Священник мог бы поклясться, что когда он зашел, на столе никакой брошюры не было. Видимо, скрытый в темноте специалист нажал во время их беседы какую-то кнопочку, и сработал бесшумный подъемник. Интересно, когда, после каких слов? Что могло окончательно убедить этого странного человека?
Симон налил себе полный стакан воды и медленно, аккуратными ровными глотками выпил его до дна. Федор Никитич не шевелился и молчал, выжидая, когда посетитель наконец уйдет. Не хотел, видимо, чтобы его увидели. Священнику такое поведение этого приверженца тьмы показалось забавным, он даже нарочно помедлил, прежде чем встать с удобного кресла. Впрочем, не стоило обижать человека, демонстрируя, что заметил его слабость.
-- Прощайте, Федор Никитич, -- произнес отец Симон уже у дверей. -- Храни вас Бог.
Специалист по кадрам ответил что-то совершенно невразумительное, окончательно подорвав в глазах священника свой авторитет специалиста высокого уровня. Хотя, наверное, можно очень хорошо разбираться в людях, даже обладая множеством недостатков в общении. Самые лучшие критики, как известно, получаются из тех, у кого совершенно нет таланта в выбранной для критики области.
Все формальности действительно были улажены быстро. Даже слишком быстро. Универсальную визу сделали уже через три дня, а через неделю епископат прислал нового человека в приход.
Немолодой отец Анатолий, прибывший из Тулы, всячески извинялся, что вынужден беспокоить Симона, однако в церковной квартире обосновался почти сразу же, разложив вещи из двух чемоданов по всей гостиной.
Новый священник был невысок и в целом невелик, но круглый живот у него выдавался вперед, словно у беременной.
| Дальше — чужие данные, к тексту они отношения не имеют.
(* Let $L$ be a finite-dimensional Lie algebra over a field $F$, let $M$ be a maximal subalgebra of $L$, and let $C$ and $D$ be ideal completions of $M$ in $L$. Then $C/k(C)\cong D/k(D)$.
   Context: For a nonzero subalgebra $B$ of $L$, the strict core $k(B)$ is the sum of all ideals of $L$ that are proper subalgebras of $B$ (it is $0$ if there are none). A subalgebra $C$ of $L$ is a completion of $M$ if $C\not\subseteq M$ but every proper subalgebra of $C$ that is an ideal of $L$ is contained in $M$. An ideal completion of $M$ is a completion of $M$ which is an ideal of $L$; for such $C$, $k(C)$ is an ideal of $L$ contained in $C$, so $C/k(C)$ is a Lie algebra. *)

theory Defs
  imports Main "HOL.Vector_Spaces"
begin

definition lie_algebra :: "('a::field \<Rightarrow> 'v::ab_group_add \<Rightarrow> 'v) \<Rightarrow> ('v \<Rightarrow> 'v \<Rightarrow> 'v) \<Rightarrow> bool" where
  "lie_algebra scale br \<longleftrightarrow>
     vector_space scale \<and>
     (\<forall>x y z. br (x + y) z = br x z + br y z) \<and>
     (\<forall>x y z. br x (y + z) = br x y + br x z) \<and>
     (\<forall>c x y. br (scale c x) y = scale c (br x y)) \<and>
     (\<forall>c x y. br x (scale c y) = scale c (br x y)) \<and>
     (\<forall>x. br x x = 0) \<and>
     (\<forall>x y z. br x (br y z) + br y (br z x) + br z (br x y) = 0)"

definition finite_dim :: "('a::field \<Rightarrow> 'v::ab_group_add \<Rightarrow> 'v) \<Rightarrow> bool" where
  "finite_dim scale \<longleftrightarrow> (\<exists>B. finite B \<and> module.span scale B = UNIV)"

definition lie_subalgebra :: "('a::field \<Rightarrow> 'v::ab_group_add \<Rightarrow> 'v) \<Rightarrow> ('v \<Rightarrow> 'v \<Rightarrow> 'v) \<Rightarrow> 'v set \<Rightarrow> bool" where
  "lie_subalgebra scale br S \<longleftrightarrow> module.subspace scale S \<and> (\<forall>x\<in>S. \<forall>y\<in>S. br x y \<in> S)"

definition lie_ideal :: "('a::field \<Rightarrow> 'v::ab_group_add \<Rightarrow> 'v) \<Rightarrow> ('v \<Rightarrow> 'v \<Rightarrow> 'v) \<Rightarrow> 'v set \<Rightarrow> bool" where
  "lie_ideal scale br I \<longleftrightarrow> module.subspace scale I \<and> (\<forall>x. \<forall>y\<in>I. br x y \<in> I)"

definition maximal_subalgebra :: "('a::field \<Rightarrow> 'v::ab_group_add \<Rightarrow> 'v) \<Rightarrow> ('v \<Rightarrow> 'v \<Rightarrow> 'v) \<Rightarrow> 'v set \<Rightarrow> bool" where
  "maximal_subalgebra scale br M \<longleftrightarrow> lie_subalgebra scale br M \<and> M \<noteq> UNIV \<and>
     (\<forall>S. lie_subalgebra scale br S \<and> M \<subseteq> S \<longrightarrow> S = M \<or> S = UNIV)"

text \<open>Strict core: sum (span of the union) of all ideals of L that are proper
  subalgebras of B; it is 0 if there are none.\<close>
definition strict_core :: "('a::field \<Rightarrow> 'v::ab_group_add \<Rightarrow> 'v) \<Rightarrow> ('v \<Rightarrow> 'v \<Rightarrow> 'v) \<Rightarrow> 'v set \<Rightarrow> 'v set" where
  "strict_core scale br B = module.span scale
     (\<Union>{I. lie_ideal scale br I \<and> lie_subalgebra scale br I \<and> I \<subset> B})"

definition completion :: "('a::field \<Rightarrow> 'v::ab_group_add \<Rightarrow> 'v) \<Rightarrow> ('v \<Rightarrow> 'v \<Rightarrow> 'v) \<Rightarrow> 'v set \<Rightarrow> 'v set \<Rightarrow> bool" where
  "completion scale br M C \<longleftrightarrow> lie_subalgebra scale br C \<and> \<not> C \<subseteq> M \<and>
     (\<forall>I. lie_subalgebra scale br I \<and> I \<subset> C \<and> lie_ideal scale br I \<longrightarrow> I \<subseteq> M)"

definition ideal_completion :: "('a::field \<Rightarrow> 'v::ab_group_add \<Rightarrow> 'v) \<Rightarrow> ('v \<Rightarrow> 'v \<Rightarrow> 'v) \<Rightarrow> 'v set \<Rightarrow> 'v set \<Rightarrow> bool" where
  "ideal_completion scale br M C \<longleftrightarrow> completion scale br M C \<and> lie_ideal scale br C"

definition coset :: "'v::ab_group_add set \<Rightarrow> 'v \<Rightarrow> 'v set" where
  "coset I x = (\<lambda>i. x + i) ` I"

definition quotient_set :: "'v::ab_group_add set \<Rightarrow> 'v set \<Rightarrow> 'v set set" where
  "quotient_set C I = coset I ` C"

text \<open>Isomorphism of the quotient Lie algebras C/I and D/J: a bijection of cosets
  compatible with the quotient operations (defined via representatives).\<close>
definition quotient_lie_iso :: "('a::field \<Rightarrow> 'v::ab_group_add \<Rightarrow> 'v) \<Rightarrow> ('v \<Rightarrow> 'v \<Rightarrow> 'v) \<Rightarrow>
    'v set \<Rightarrow> 'v set \<Rightarrow> 'v set \<Rightarrow> 'v set \<Rightarrow> bool" where
  "quotient_lie_iso scale br C I D J \<longleftrightarrow>
     (\<exists>g. bij_betw g (quotient_set C I) (quotient_set D J) \<and>
       (\<forall>x\<in>C. \<forall>y\<in>C. \<forall>x'\<in>D. \<forall>y'\<in>D.
          g (coset I x) = coset J x' \<and> g (coset I y) = coset J y' \<longrightarrow>
            g (coset I (x + y)) = coset J (x' + y') \<and>
            (\<forall>c. g (coset I (scale c x)) = coset J (scale c x')) \<and>
            g (coset I (br x y)) = coset J (br x' y')))"

end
Вскоре по квартире разнесся густой запах жареного лука -- отец Анатолий любил не только поесть, но и поготовить. А совсем уже поздней ночью новый сосед развесил на дверцы шкафов выстиранные майки с вытянутыми воротниками и прочую свою одежду, видимо, оказавшись не в силах установить в стиральной машине режим полного просушивания.
Поняв, что подобное соседство неблагоприятно скажется на его внутреннем состоянии, глубокой ночью отец Симон покинул квартиру, забрав с собой лишь вещи, которые он планировал перевезти на Фауглиф. В их числе была и картонная коробка с воспоминаниями -- Симон слишком живо представил, как поверх его вещей отец Анатолий накидает разнообразного грязного хлама. Он даже не стал запирать дверь, оставив связку ключей висеть на крючке, -- пусть грабителей отпугивает храп нового хозяина квартиры.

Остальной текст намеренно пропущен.